• _TASK ITEM_: Only the lines from the one containing "(\<exists>lam. class_Kinf lam" through the one containing "(\<exists>\<beta>. class_KL \<beta>" should be printed, exactly as they appear below, with both ends included.

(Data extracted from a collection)
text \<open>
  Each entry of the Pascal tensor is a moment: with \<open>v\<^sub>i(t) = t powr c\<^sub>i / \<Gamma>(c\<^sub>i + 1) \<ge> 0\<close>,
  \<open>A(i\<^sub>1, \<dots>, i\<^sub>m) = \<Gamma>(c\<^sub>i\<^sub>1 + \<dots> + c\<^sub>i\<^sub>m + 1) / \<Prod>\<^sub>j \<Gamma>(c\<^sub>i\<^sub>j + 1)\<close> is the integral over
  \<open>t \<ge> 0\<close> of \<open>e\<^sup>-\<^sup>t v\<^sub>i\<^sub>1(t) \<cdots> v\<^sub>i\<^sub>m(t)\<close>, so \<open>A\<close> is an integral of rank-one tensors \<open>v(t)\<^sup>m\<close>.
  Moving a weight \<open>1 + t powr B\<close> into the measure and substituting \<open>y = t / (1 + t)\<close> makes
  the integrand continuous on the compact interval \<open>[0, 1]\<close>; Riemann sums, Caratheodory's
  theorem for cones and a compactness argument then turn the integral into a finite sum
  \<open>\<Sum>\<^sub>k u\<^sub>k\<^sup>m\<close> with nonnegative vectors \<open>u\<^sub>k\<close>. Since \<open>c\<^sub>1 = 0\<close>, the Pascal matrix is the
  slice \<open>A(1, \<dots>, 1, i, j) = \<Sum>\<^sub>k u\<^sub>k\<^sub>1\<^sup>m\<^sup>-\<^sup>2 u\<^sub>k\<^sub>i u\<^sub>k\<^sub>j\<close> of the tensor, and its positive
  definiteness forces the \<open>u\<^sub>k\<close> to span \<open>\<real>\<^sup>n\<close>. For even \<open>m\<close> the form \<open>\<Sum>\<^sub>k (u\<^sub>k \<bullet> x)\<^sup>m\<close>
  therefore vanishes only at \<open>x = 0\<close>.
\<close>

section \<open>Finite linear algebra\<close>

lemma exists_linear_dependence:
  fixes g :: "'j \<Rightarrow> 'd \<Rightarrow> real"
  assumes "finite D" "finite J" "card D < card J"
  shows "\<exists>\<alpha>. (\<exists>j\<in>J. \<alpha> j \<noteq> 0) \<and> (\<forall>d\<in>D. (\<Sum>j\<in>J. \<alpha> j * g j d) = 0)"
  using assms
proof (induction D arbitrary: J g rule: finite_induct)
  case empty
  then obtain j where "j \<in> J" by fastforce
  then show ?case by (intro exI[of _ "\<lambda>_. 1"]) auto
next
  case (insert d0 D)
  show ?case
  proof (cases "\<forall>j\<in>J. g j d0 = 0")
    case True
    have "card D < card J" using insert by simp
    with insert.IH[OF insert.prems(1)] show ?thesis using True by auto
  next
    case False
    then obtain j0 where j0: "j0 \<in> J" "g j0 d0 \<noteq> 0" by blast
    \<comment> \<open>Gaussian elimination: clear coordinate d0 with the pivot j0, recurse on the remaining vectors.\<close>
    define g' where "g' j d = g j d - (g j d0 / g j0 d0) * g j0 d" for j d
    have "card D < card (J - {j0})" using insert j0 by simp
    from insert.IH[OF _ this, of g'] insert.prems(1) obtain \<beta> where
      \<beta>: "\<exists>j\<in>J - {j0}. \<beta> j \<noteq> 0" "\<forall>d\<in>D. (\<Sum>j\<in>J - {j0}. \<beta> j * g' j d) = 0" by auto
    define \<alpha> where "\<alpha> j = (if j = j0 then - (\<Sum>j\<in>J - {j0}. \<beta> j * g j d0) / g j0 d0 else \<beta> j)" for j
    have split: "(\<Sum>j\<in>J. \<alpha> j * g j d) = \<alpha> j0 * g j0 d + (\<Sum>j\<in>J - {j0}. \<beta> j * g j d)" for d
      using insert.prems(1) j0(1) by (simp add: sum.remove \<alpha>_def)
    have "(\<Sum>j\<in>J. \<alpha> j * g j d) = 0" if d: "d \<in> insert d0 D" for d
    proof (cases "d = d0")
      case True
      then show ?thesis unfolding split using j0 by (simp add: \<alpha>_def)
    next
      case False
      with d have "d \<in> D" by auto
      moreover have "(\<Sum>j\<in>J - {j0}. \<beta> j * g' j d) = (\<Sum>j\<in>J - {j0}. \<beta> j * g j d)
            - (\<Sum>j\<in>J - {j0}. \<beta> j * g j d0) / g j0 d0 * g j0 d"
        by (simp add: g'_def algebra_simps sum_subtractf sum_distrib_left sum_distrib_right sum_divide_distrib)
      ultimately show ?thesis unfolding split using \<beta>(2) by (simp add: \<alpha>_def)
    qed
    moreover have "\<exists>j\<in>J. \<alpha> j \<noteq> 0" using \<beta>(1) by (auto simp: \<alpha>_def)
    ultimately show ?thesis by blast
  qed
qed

--

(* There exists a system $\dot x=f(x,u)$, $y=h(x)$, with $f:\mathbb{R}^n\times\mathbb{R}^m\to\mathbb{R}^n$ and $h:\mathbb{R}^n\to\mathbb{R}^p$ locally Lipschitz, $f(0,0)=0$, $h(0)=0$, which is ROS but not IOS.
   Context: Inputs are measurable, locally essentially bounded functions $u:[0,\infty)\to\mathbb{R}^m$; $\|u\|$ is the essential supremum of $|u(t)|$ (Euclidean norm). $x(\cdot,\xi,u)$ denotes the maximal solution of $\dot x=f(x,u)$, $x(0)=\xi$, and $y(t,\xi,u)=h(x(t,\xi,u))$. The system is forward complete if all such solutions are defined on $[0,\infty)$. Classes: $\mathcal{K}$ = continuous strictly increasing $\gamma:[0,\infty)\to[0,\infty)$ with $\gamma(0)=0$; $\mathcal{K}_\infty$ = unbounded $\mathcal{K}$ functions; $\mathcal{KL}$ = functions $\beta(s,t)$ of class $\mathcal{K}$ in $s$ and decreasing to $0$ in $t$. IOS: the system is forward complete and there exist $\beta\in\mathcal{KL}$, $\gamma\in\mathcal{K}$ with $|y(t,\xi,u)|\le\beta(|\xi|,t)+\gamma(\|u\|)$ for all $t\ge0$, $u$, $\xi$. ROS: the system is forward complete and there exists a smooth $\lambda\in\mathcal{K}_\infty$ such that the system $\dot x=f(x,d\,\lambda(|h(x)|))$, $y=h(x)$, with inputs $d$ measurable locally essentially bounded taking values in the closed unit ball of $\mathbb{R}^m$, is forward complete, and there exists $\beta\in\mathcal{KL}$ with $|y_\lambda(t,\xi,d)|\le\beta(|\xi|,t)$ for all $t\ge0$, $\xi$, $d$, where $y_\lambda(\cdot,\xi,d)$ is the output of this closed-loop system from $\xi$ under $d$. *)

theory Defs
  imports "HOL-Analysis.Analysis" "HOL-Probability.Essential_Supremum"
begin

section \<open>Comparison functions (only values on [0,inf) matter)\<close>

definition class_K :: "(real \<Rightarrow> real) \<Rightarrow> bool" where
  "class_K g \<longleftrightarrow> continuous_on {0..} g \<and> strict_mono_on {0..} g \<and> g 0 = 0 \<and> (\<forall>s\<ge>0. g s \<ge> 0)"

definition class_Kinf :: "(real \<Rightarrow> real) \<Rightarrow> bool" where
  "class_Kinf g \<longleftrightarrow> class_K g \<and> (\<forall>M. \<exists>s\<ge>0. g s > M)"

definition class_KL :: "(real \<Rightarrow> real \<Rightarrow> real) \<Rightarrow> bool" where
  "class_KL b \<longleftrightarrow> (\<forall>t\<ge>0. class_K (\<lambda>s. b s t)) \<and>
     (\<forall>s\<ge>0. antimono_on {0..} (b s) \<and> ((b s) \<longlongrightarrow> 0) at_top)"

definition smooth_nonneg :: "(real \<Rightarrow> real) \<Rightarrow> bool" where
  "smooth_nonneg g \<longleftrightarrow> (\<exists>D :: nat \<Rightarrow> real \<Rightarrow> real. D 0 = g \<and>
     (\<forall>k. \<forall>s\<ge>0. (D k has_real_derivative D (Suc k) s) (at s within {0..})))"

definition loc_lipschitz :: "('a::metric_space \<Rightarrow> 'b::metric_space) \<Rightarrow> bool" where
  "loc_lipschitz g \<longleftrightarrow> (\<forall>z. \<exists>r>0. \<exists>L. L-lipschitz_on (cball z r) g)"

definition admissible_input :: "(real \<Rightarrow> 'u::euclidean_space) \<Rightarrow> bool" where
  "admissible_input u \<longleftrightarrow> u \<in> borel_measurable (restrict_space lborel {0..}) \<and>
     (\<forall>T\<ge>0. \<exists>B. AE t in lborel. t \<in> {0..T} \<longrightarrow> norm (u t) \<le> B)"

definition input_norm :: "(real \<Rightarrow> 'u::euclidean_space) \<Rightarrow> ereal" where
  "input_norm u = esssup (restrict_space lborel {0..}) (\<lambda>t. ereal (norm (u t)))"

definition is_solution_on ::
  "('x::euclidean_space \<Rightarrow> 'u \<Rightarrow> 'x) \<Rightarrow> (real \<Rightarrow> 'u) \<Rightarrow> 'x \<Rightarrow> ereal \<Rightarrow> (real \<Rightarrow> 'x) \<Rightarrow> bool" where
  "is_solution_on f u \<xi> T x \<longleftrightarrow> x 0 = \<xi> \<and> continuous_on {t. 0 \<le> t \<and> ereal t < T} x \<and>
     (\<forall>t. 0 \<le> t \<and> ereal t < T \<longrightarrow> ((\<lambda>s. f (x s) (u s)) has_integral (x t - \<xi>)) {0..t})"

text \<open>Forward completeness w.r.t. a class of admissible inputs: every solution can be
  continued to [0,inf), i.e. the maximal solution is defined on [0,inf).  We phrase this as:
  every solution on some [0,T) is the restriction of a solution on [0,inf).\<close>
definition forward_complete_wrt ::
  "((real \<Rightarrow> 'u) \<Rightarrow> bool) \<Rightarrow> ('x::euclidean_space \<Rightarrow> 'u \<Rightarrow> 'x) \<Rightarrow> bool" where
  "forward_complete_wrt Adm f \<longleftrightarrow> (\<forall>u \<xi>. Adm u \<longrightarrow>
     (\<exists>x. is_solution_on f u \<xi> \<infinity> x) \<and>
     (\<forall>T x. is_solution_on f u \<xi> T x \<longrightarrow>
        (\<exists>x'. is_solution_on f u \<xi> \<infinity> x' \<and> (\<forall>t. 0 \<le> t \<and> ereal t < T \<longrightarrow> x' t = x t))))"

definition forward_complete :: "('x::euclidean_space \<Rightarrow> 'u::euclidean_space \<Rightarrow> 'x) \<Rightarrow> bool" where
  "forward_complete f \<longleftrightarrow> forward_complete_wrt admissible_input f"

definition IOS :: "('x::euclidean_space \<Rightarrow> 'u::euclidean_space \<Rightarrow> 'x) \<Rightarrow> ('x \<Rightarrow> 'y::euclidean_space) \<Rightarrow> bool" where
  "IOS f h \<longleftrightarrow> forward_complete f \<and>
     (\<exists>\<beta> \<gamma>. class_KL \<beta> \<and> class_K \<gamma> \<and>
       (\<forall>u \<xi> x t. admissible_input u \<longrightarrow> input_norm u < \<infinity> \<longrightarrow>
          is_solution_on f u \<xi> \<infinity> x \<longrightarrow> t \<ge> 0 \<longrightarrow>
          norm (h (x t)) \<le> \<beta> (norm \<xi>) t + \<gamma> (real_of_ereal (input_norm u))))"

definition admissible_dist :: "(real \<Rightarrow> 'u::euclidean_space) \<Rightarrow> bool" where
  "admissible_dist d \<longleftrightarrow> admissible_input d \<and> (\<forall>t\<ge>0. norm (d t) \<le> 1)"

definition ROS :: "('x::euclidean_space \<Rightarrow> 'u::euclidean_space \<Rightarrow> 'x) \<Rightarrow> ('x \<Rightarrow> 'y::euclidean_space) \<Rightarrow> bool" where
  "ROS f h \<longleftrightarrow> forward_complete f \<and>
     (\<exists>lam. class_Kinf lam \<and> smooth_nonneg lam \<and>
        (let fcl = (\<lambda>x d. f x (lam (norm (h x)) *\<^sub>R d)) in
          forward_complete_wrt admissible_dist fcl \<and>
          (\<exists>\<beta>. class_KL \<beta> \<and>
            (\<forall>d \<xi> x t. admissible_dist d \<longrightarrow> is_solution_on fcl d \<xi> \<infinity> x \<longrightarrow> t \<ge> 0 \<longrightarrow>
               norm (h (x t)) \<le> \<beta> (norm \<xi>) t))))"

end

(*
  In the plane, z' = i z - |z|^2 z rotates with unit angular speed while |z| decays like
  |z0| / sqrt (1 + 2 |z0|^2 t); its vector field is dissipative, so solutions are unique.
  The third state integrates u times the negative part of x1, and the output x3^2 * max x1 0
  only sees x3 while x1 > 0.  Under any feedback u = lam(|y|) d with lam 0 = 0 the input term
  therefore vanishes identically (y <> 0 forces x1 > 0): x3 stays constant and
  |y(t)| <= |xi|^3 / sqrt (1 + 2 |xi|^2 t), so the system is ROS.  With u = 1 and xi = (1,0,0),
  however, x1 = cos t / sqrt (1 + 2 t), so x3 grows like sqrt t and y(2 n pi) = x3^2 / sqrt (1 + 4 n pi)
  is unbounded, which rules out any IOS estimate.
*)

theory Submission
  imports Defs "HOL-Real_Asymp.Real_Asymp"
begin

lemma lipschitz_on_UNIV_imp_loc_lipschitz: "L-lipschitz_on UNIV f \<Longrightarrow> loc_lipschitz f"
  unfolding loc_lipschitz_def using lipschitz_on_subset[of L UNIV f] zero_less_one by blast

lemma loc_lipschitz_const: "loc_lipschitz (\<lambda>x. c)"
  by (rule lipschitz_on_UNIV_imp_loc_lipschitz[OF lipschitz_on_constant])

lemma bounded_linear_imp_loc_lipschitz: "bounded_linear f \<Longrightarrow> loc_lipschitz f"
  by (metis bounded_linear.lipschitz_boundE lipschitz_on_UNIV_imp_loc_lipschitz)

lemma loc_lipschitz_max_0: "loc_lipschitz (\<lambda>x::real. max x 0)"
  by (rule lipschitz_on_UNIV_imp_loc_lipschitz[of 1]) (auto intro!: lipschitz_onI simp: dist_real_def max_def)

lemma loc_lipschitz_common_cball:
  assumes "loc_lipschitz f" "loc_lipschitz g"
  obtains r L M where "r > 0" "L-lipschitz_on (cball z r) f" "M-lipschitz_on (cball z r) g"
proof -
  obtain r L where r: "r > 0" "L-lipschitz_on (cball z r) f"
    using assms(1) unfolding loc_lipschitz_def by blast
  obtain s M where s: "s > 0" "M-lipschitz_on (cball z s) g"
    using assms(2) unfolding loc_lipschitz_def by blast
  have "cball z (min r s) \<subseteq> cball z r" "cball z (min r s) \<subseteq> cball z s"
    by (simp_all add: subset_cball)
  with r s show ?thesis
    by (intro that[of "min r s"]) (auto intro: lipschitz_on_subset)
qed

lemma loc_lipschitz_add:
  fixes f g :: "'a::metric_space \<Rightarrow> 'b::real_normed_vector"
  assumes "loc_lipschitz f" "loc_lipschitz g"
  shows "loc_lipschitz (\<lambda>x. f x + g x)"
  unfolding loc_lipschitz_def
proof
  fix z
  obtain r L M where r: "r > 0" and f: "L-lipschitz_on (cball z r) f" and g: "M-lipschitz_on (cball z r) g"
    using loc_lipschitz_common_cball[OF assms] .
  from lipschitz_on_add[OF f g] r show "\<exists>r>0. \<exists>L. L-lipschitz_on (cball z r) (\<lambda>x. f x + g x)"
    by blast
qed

==

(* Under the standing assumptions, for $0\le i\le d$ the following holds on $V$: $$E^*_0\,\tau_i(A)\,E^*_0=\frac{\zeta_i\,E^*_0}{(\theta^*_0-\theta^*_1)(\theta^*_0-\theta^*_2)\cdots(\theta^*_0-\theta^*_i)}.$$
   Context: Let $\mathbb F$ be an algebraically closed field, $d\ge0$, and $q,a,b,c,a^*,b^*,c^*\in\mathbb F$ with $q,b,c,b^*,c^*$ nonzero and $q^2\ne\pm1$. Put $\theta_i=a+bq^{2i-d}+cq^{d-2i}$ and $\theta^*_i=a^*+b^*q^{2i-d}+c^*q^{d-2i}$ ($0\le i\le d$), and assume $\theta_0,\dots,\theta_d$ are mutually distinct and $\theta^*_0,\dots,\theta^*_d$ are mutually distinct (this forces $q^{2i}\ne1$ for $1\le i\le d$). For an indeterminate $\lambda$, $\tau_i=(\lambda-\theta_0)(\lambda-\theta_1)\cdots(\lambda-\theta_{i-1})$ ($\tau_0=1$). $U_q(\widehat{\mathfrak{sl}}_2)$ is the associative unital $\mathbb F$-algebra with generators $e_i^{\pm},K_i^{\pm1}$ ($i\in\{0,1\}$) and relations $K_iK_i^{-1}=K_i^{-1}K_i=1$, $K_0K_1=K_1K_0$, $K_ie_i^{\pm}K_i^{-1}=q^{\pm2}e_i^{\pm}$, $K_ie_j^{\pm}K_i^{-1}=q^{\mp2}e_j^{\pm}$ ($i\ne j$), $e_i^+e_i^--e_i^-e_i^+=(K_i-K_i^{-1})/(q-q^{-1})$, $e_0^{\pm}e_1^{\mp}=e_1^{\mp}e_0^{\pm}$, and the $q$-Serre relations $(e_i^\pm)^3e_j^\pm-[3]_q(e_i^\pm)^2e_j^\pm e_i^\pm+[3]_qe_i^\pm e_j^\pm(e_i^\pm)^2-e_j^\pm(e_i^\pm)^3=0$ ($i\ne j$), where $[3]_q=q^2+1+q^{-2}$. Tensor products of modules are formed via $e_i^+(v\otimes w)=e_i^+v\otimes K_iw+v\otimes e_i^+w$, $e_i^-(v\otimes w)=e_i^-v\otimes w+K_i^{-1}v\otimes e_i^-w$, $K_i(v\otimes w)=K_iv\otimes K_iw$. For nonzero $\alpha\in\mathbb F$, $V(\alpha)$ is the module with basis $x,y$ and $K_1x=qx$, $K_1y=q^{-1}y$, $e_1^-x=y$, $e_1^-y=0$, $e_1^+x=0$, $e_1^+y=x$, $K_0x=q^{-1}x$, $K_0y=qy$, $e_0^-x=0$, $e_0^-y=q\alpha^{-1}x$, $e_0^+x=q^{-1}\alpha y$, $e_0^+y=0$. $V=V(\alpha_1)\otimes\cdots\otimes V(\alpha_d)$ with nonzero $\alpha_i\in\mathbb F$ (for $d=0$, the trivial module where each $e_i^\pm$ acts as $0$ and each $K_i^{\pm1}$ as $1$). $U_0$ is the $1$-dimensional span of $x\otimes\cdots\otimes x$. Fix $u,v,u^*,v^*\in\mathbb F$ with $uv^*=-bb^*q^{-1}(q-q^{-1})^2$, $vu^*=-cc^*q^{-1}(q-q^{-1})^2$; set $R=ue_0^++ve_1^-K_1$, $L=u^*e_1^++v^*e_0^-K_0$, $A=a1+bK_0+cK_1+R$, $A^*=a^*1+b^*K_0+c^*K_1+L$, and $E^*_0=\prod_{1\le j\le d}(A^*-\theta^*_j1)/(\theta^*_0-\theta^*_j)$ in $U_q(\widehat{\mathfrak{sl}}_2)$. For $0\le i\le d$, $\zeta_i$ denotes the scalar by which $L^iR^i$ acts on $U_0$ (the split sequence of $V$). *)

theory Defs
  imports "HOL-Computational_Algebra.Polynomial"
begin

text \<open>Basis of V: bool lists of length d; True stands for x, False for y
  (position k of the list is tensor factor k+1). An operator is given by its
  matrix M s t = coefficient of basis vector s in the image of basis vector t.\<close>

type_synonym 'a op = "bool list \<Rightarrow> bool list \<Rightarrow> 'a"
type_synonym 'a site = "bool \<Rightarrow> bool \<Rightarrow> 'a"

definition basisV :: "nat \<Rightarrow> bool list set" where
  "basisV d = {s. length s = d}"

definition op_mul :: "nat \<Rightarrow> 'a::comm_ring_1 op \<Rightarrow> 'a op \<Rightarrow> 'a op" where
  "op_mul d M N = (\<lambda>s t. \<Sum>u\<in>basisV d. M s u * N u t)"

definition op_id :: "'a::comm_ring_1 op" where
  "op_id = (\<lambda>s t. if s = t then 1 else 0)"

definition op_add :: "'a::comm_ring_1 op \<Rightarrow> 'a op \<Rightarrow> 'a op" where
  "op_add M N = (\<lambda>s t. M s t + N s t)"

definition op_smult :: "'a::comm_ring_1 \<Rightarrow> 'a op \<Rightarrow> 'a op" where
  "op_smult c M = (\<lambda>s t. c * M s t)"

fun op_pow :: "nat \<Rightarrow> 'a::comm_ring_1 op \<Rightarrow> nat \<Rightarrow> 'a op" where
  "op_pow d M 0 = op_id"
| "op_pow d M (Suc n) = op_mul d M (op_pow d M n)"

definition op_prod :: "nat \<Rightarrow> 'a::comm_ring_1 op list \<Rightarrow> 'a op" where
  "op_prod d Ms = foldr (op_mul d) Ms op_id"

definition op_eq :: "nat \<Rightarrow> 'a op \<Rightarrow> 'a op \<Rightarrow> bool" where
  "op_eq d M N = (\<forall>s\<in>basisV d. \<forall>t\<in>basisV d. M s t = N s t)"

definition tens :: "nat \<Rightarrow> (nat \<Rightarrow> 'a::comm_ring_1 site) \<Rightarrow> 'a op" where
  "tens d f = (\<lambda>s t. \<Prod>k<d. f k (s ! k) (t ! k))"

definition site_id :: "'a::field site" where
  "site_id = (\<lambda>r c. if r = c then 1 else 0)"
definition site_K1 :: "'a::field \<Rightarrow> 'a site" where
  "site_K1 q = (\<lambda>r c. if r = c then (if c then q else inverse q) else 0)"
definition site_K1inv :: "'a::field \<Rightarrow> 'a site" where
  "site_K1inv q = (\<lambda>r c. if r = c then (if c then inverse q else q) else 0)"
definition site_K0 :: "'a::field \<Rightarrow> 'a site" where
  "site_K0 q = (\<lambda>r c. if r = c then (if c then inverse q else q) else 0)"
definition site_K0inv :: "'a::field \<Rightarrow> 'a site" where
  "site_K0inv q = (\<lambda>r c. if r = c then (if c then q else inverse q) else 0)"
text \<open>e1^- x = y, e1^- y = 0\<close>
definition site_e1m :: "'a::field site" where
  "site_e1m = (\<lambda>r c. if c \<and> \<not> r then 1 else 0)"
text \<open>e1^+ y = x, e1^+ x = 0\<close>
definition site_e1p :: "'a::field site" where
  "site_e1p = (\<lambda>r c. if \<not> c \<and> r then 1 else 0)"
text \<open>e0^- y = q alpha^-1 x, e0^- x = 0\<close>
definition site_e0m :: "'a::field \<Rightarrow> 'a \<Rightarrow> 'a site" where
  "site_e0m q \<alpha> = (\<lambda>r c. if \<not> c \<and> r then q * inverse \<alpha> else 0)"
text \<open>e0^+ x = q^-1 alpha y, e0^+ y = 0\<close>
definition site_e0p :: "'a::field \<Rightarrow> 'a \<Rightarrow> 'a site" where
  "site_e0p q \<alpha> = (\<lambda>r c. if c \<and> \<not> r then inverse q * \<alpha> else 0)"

• _RESULT OF THIS TASK_:
     (\<exists>lam. class_Kinf lam \<and> smooth_nonneg lam \<and>
        (let fcl = (\<lambda>x d. f x (lam (norm (h x)) *\<^sub>R d)) in
          forward_complete_wrt admissible_dist fcl \<and>
          (\<exists>\<beta>. class_KL \<beta> \<and>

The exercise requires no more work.